Wow. That’s 404ms for F# and 2,656 for C#. That’s a huge difference. Why?

We already established that the IL for the Sigmoid1() algorithm above compiles to very similar IL. What else could be different?

fsharp-test-func

Wait a minute.

let result = 
    for t in 1 .. 10 do
      for x in 1 .. 1000000 do
        m <- f(single(x)/100000.0f-5.0f);

The F# loop is not equivalent to the C# version. In the F# version the counter is an int and the C# version the counter is a float. (Also the F# version is passing a delegate to the test function.)

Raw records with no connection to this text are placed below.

(* Let $\langle \mathscr{A} \mid \mathscr{R} \rangle$ be a $C(4)$ equivalence presentation. Then the monoid presented is left cancellative if and only if $\mathscr{R}$ contains no relation of the form $(ar, as)$ where $a \in \mathscr{A}$ and $r, s \in \mathscr{A}^*$ with $r \neq s$.
   Context: A monoid presentation $\langle \mathscr{A} \mid \mathscr{R} \rangle$ consists of an alphabet $\mathscr{A}$ and a set $\mathscr{R} \subseteq \mathscr{A}^* \times \mathscr{A}^*$ of relations; the monoid presented is $\mathscr{A}^*$ modulo the smallest congruence containing $\mathscr{R}$. A relation word is a word occurring as one side of a relation. A piece is a word which occurs as a factor of two distinct relation words, or in two different (possibly overlapping) positions within one relation word; the empty word is always a piece. The presentation is $C(n)$ if no relation word can be written as a product of strictly fewer than $n$ pieces. It is an equivalence presentation if $\mathscr{R}$ is an equivalence relation on the set of relation words (reflexive on relation words, symmetric and transitive). *)

theory Defs
  imports Main
begin

text \<open>A monoid presentation over the alphabet given by the type 'a: a set R of
pairs of words (lists). The monoid presented is the free monoid modulo the
smallest congruence containing R.\<close>

inductive pres_cong :: "('a list \<times> 'a list) set \<Rightarrow> 'a list \<Rightarrow> 'a list \<Rightarrow> bool"
  for R :: "('a list \<times> 'a list) set" where
  base: "(u, v) \<in> R \<Longrightarrow> pres_cong R u v"
| refl: "pres_cong R u u"
| sym: "pres_cong R u v \<Longrightarrow> pres_cong R v u"
| trans: "pres_cong R u v \<Longrightarrow> pres_cong R v w \<Longrightarrow> pres_cong R u w"
| left: "pres_cong R u v \<Longrightarrow> pres_cong R (x @ u) (x @ v)"
| right: "pres_cong R u v \<Longrightarrow> pres_cong R (u @ x) (v @ x)"

definition left_cancellative_pres :: "('a list \<times> 'a list) set \<Rightarrow> bool" where
  "left_cancellative_pres R \<longleftrightarrow>
     (\<forall>u v w. pres_cong R (u @ v) (u @ w) \<longrightarrow> pres_cong R v w)"

definition rel_words :: "('a list \<times> 'a list) set \<Rightarrow> 'a list set" where
  "rel_words R = {l. \<exists>r. (l, r) \<in> R} \<union> {r. \<exists>l. (l, r) \<in> R}"

definition is_factor :: "'a list \<Rightarrow> 'a list \<Rightarrow> bool" where
  "is_factor p w \<longleftrightarrow> (\<exists>x y. w = x @ p @ y)"

definition is_piece :: "('a list \<times> 'a list) set \<Rightarrow> 'a list \<Rightarrow> bool" where
  "is_piece R p \<longleftrightarrow> p = [] \<or>
     (\<exists>w1 \<in> rel_words R. \<exists>w2 \<in> rel_words R. w1 \<noteq> w2 \<and> is_factor p w1 \<and> is_factor p w2) \<or>
     (\<exists>w \<in> rel_words R. \<exists>x y x' y'. w = x @ p @ y \<and> w = x' @ p @ y' \<and> length x \<noteq> length x')"

definition small_overlap_C :: "nat \<Rightarrow> ('a list \<times> 'a list) set \<Rightarrow> bool" where
  "small_overlap_C n R \<longleftrightarrow>
     (\<forall>w \<in> rel_words R. \<not> (\<exists>ps. length ps < n \<and> concat ps = w \<and> (\<forall>p \<in> set ps. is_piece R p)))"

definition equivalence_presentation :: "('a list \<times> 'a list) set \<Rightarrow> bool" where
  "equivalence_presentation R \<longleftrightarrow> equiv (rel_words R) R"

end

theory Submission
  imports Defs
begin

text \<open>Necessity: if \<open>(a r, a s) \<in> R\<close> with \<open>r \<noteq> s\<close>, left cancellation would give \<open>r = s\<close> in the
monoid, so some relation word would occur in \<open>r\<close> and hence properly inside the relation word
\<open>a r\<close>, which C(4) forbids.

Sufficiency: by induction on \<open>N\<close>, a derivation from \<open>a u\<close> to \<open>a v\<close> in \<open>N\<close> steps yields one from
\<open>u\<close> to \<open>v\<close> in at most \<open>N\<close> steps. Only a derivation whose first step rewrites a relation word \<open>l\<close>
at the front needs thought. Write each relation word as \<open>W = X Y Z\<close> with \<open>X\<close>, \<open>Z\<close> its longest
piece prefix and suffix, so that \<open>X Y\<close> is no piece. By C(4) no relation word occurrence other than
\<open>W\<close> itself meets the block \<open>X Y\<close> at the front, so every word of the derivation has the form
\<open>X' Y' t'\<close> for relation words \<open>W'\<close> equivalent to \<open>l\<close>, and the tail evolves independently of the
front except when the whole front word is rewritten. As \<open>W'\<close> and \<open>l\<close> start with the same letter
\<open>a\<close>, the hypothesis forces \<open>W' = l\<close>, and the evolution of the tail, with the prefix \<open>Z\<close> cancelled
by the induction hypothesis, yields the required derivation from \<open>u\<close> to \<open>v\<close>.\<close>

lemma is_piece_Nil [simp]: "is_piece R []"
  by (simp add: is_piece_def)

for (int i = 0; i < 10; i++)
{
	for (float x = -5.0f; x < 5.0f; x += 0.000001f)
	{
		Sigmoid1(x);
	}
}

Does that int counter thing make a big difference.

using System;
using System.Diagnostics;

static class App
{
	static float Sigmoid1(double value)
	{
	  return (float) (1.0/(1.0 + Math.Exp(-value)));
	}

	static double TestPerformancePlain()
	{
		var sw = new Stopwatch();
		sw.Start();
		float num = 0f;
		for (int i = 0; i < 10; i++)
		{
			for (int j = 1; j < 1000001; j++)
			{
				num = Sigmoid1((((float) j) / 100000f) - 5f);
			}
		}  
		return sw.Elapsed.TotalMilliseconds;
	}

	static void Main()
	{
	  var t0 = TestPerformancePlain();
	  Console.WriteLine("10^7 iterations using Sigmoid1() took {0} ms", t0);
	}
}
PS> csc -o -debug- .\sigmoid-counter.cs
Microsoft (R) Visual C# 2010 Compiler version 4.0.30319.1
Copyright (C) Microsoft Corporation. All rights reserved.

PS> ./sigmoid-counter
10^7 iterations using Sigmoid1() took 431.6634 ms

Yup C# just executed that Sigmoid1() test in 431ms. Recall that F# was 404ms.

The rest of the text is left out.